▶ [EXERCISE GOAL]:
Copy every line from the records below that carries the word "strict".

-- GIVEN DATA follows --

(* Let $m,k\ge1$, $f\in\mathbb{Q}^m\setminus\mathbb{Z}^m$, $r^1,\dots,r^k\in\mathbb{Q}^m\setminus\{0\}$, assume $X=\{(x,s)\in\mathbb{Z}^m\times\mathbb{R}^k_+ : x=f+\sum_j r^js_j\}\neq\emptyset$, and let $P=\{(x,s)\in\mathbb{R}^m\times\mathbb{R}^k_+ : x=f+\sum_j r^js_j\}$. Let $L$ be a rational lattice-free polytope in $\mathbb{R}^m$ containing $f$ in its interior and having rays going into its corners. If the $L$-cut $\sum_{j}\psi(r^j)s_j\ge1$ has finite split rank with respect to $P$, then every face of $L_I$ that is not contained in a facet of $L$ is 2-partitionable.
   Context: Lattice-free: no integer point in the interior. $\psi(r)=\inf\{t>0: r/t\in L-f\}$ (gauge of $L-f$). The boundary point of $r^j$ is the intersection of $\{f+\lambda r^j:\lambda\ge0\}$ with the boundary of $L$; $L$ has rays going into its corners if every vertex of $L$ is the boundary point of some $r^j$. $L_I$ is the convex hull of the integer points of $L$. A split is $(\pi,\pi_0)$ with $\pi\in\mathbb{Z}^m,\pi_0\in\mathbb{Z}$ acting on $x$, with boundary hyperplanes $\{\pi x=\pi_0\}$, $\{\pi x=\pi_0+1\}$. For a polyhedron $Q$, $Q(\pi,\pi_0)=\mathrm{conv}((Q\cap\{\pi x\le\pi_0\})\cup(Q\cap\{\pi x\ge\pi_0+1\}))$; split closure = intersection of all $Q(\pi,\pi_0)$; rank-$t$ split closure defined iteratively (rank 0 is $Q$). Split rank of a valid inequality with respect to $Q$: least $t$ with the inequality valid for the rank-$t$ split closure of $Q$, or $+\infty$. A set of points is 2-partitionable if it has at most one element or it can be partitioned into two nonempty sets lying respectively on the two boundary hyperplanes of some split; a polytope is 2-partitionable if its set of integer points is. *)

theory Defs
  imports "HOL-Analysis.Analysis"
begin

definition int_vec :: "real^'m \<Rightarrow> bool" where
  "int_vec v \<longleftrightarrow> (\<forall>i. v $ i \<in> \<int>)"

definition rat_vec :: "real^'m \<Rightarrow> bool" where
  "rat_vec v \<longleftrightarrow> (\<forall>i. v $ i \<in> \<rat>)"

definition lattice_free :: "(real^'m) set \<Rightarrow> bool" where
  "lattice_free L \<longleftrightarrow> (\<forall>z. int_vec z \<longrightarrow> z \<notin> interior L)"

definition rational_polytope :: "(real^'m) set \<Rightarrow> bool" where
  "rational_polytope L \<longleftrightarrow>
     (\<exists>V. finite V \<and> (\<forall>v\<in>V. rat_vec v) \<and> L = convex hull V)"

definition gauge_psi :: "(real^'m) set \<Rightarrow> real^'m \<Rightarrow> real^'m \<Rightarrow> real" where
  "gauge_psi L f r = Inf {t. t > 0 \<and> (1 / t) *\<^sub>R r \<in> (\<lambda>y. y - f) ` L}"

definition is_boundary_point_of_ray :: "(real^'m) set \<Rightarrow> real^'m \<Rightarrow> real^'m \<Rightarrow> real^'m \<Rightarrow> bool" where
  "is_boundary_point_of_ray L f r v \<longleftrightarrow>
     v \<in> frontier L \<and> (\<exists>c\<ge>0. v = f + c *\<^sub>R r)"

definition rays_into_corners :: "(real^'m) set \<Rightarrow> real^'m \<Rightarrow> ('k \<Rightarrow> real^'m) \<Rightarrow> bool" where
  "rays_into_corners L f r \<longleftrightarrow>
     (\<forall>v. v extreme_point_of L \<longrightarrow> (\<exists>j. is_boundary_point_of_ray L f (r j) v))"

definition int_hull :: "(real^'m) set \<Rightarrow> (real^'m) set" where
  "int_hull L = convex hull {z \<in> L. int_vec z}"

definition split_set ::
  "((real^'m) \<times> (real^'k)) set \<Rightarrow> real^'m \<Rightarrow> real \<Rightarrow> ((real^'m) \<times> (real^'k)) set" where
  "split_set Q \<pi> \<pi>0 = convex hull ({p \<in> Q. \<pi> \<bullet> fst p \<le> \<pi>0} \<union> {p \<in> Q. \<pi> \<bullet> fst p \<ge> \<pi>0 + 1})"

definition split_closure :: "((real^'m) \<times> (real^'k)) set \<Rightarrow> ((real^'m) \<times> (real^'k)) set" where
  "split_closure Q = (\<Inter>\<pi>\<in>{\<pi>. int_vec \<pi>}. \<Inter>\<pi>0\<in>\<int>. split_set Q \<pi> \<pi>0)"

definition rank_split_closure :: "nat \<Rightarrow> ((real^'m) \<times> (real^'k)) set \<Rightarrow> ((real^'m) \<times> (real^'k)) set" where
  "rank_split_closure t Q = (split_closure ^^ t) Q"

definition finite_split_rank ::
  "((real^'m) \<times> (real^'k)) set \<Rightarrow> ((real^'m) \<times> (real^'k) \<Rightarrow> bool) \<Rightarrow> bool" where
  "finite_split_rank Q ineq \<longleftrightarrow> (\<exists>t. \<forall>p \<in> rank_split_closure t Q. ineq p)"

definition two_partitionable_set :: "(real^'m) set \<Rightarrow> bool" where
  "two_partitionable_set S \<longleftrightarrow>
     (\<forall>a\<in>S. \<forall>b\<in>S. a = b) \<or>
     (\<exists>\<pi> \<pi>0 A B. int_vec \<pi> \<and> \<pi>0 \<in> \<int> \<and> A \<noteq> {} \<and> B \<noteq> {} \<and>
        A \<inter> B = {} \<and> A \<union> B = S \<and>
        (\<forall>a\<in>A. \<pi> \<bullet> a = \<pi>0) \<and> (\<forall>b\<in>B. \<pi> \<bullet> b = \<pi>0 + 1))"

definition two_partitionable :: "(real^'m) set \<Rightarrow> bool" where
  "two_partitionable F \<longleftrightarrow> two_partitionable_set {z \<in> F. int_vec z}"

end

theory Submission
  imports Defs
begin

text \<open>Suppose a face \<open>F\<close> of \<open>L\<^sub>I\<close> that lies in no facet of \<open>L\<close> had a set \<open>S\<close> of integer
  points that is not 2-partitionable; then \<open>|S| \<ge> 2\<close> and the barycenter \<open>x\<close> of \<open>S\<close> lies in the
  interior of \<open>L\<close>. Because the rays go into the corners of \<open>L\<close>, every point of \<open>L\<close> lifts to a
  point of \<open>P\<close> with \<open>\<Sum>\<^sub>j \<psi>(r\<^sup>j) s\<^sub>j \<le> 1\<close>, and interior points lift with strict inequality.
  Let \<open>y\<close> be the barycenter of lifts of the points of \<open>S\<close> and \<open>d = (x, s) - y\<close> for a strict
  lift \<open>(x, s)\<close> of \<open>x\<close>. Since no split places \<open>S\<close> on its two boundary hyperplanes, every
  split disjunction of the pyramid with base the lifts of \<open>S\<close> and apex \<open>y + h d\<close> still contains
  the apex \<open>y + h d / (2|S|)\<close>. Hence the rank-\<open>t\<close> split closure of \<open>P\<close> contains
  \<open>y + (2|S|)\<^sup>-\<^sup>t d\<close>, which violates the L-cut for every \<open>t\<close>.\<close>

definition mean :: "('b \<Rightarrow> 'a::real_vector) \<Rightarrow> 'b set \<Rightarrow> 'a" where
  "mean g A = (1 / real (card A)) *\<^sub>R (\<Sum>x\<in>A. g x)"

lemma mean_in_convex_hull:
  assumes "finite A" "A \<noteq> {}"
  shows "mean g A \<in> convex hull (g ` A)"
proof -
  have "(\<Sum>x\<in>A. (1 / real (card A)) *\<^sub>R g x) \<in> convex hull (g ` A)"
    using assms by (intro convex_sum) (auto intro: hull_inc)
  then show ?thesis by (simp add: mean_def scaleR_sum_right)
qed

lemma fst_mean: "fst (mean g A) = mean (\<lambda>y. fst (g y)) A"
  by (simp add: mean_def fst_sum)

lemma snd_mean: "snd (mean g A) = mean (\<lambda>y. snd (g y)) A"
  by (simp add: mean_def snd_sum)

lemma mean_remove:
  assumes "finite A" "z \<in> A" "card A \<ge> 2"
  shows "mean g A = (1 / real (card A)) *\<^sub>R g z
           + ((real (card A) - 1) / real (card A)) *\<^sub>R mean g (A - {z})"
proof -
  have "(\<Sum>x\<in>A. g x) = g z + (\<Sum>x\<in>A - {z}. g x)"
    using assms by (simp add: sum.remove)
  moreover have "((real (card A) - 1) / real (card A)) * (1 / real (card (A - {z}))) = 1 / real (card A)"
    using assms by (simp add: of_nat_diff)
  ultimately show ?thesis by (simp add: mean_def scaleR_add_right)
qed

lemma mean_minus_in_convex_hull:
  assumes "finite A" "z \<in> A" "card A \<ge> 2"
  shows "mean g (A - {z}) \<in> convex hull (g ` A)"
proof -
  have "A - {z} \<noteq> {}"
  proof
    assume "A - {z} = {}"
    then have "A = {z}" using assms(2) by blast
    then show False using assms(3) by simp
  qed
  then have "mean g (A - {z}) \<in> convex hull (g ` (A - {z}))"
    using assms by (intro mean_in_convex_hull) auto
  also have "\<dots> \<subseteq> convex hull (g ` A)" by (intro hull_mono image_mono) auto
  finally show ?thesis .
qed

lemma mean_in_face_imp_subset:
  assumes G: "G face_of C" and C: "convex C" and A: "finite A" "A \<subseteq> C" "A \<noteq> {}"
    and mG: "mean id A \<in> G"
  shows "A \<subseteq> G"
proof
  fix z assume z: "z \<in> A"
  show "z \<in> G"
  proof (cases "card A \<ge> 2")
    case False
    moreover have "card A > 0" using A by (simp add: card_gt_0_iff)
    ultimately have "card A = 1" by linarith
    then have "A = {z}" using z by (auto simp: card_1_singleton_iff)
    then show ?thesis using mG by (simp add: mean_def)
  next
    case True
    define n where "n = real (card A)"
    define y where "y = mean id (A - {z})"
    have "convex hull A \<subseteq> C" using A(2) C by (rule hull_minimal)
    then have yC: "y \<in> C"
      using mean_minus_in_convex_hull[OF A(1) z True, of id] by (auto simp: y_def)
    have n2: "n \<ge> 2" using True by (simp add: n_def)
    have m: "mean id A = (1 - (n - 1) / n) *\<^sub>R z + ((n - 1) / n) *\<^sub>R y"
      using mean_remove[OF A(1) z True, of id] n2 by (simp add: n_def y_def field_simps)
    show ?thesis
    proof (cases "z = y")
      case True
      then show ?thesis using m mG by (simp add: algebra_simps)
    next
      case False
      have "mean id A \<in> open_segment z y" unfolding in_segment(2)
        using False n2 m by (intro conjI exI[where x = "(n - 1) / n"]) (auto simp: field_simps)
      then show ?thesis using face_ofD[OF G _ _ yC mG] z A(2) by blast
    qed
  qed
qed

-- GIVEN DATA concluded --

▶ [ANSWER AREA]:
  point of \<open>P\<close> with \<open>\<Sum>\<^sub>j \<psi>(r\<^sup>j) s\<^sub>j \<le> 1\<close>, and interior points lift with strict inequality.
  Let \<open>y\<close> be the barycenter of lifts of the points of \<open>S\<close> and \<open>d = (x, s) - y\<close> for a strict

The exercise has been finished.